Work request = Print, exactly and completely, every entry in the data.

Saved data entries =
definition na_entropy_class :: "'a measure \<Rightarrow> (nat \<Rightarrow> 'a \<Rightarrow> 'a) \<Rightarrow> (nat \<Rightarrow> 'a set set) set \<Rightarrow> ereal" where
  "na_entropy_class M fs E = (SUP Ps\<in>E. na_entropy_seq M fs Ps)"

definition coarser :: "'a set set \<Rightarrow> 'a set set \<Rightarrow> bool" where
  "coarser Q P \<longleftrightarrow> (\<forall>A\<in>P. \<exists>B\<in>Q. A \<subseteq> B)"

definition admissible :: "'a measure \<Rightarrow> (nat \<Rightarrow> 'a \<Rightarrow> 'a) \<Rightarrow> (nat \<Rightarrow> 'a set set) set \<Rightarrow> bool" where
  "admissible M fs E \<longleftrightarrow>
     E \<noteq> {} \<and>
     (\<forall>Ps\<in>E. \<forall>n. fmpart M (Ps n)) \<and>
     (\<forall>Ps\<in>E. \<exists>B::nat. \<forall>n. card (Ps n) \<le> B) \<and>
     (\<forall>Ps\<in>E. \<forall>Qs. (\<forall>n. fmpart M (Qs n) \<and> coarser (Qs n) (Ps n)) \<longrightarrow> Qs \<in> E) \<and>
     (\<forall>Ps\<in>E. \<forall>m\<ge>1. (\<lambda>k. dyn_join M fs Ps k m) \<in> E)"

definition gen_class :: "'a measure \<Rightarrow> (nat \<Rightarrow> 'a \<Rightarrow> 'a) \<Rightarrow> (nat \<Rightarrow> 'a set set) set \<Rightarrow> (nat \<Rightarrow> 'a set set) set" where
  "gen_class M fs F = \<Inter>{E. admissible M fs E \<and> F \<subseteq> E}"

definition ks_entropy_part :: "'a measure \<Rightarrow> ('a \<Rightarrow> 'a) \<Rightarrow> 'a set set \<Rightarrow> real" where
  "ks_entropy_part M f P =
     lim (\<lambda>n. part_entropy M (join_upto M n (\<lambda>i. part_pre M (f ^^ i) P)) / real n)"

Solution for this task =
definition na_entropy_class :: "'a measure \<Rightarrow> (nat \<Rightarrow> 'a \<Rightarrow> 'a) \<Rightarrow> (nat \<Rightarrow> 'a set set) set \<Rightarrow> ereal" where
  "na_entropy_class M fs E = (SUP Ps\<in>E. na_entropy_seq M fs Ps)"

definition coarser :: "'a set set \<Rightarrow> 'a set set \<Rightarrow> bool" where
  "coarser Q P \<longleftrightarrow> (\<forall>A\<in>P. \<exists>B\<in>Q. A \<subseteq> B)"

definition admissible :: "'a measure \<Rightarrow> (nat \<Rightarrow> 'a \<Rightarrow> 'a) \<Rightarrow> (nat \<Rightarrow> 'a set set) set \<Rightarrow> bool" where
  "admissible M fs E \<longleftrightarrow>
     E \<noteq> {} \<and>
     (\<forall>Ps\<in>E. \<forall>n. fmpart M (Ps n)) \<and>
     (\<forall>Ps\<in>E. \<exists>B::nat. \<forall>n. card (Ps n) \<le> B) \<and>
     (\<forall>Ps\<in>E. \<forall>Qs. (\<forall>n. fmpart M (Qs n) \<and> coarser (Qs n) (Ps n)) \<longrightarrow> Qs \<in> E) \<and>
     (\<forall>Ps\<in>E. \<forall>m\<ge>1. (\<lambda>k. dyn_join M fs Ps k m) \<in> E)"

definition gen_class :: "'a measure \<Rightarrow> (nat \<Rightarrow> 'a \<Rightarrow> 'a) \<Rightarrow> (nat \<Rightarrow> 'a set set) set \<Rightarrow> (nat \<Rightarrow> 'a set set) set" where
  "gen_class M fs F = \<Inter>{E. admissible M fs E \<and> F \<subseteq> E}"

definition ks_entropy_part :: "'a measure \<Rightarrow> ('a \<Rightarrow> 'a) \<Rightarrow> 'a set set \<Rightarrow> real" where
  "ks_entropy_part M f P =
     lim (\<lambda>n. part_entropy M (join_upto M n (\<lambda>i. part_pre M (f ^^ i) P)) / real n)"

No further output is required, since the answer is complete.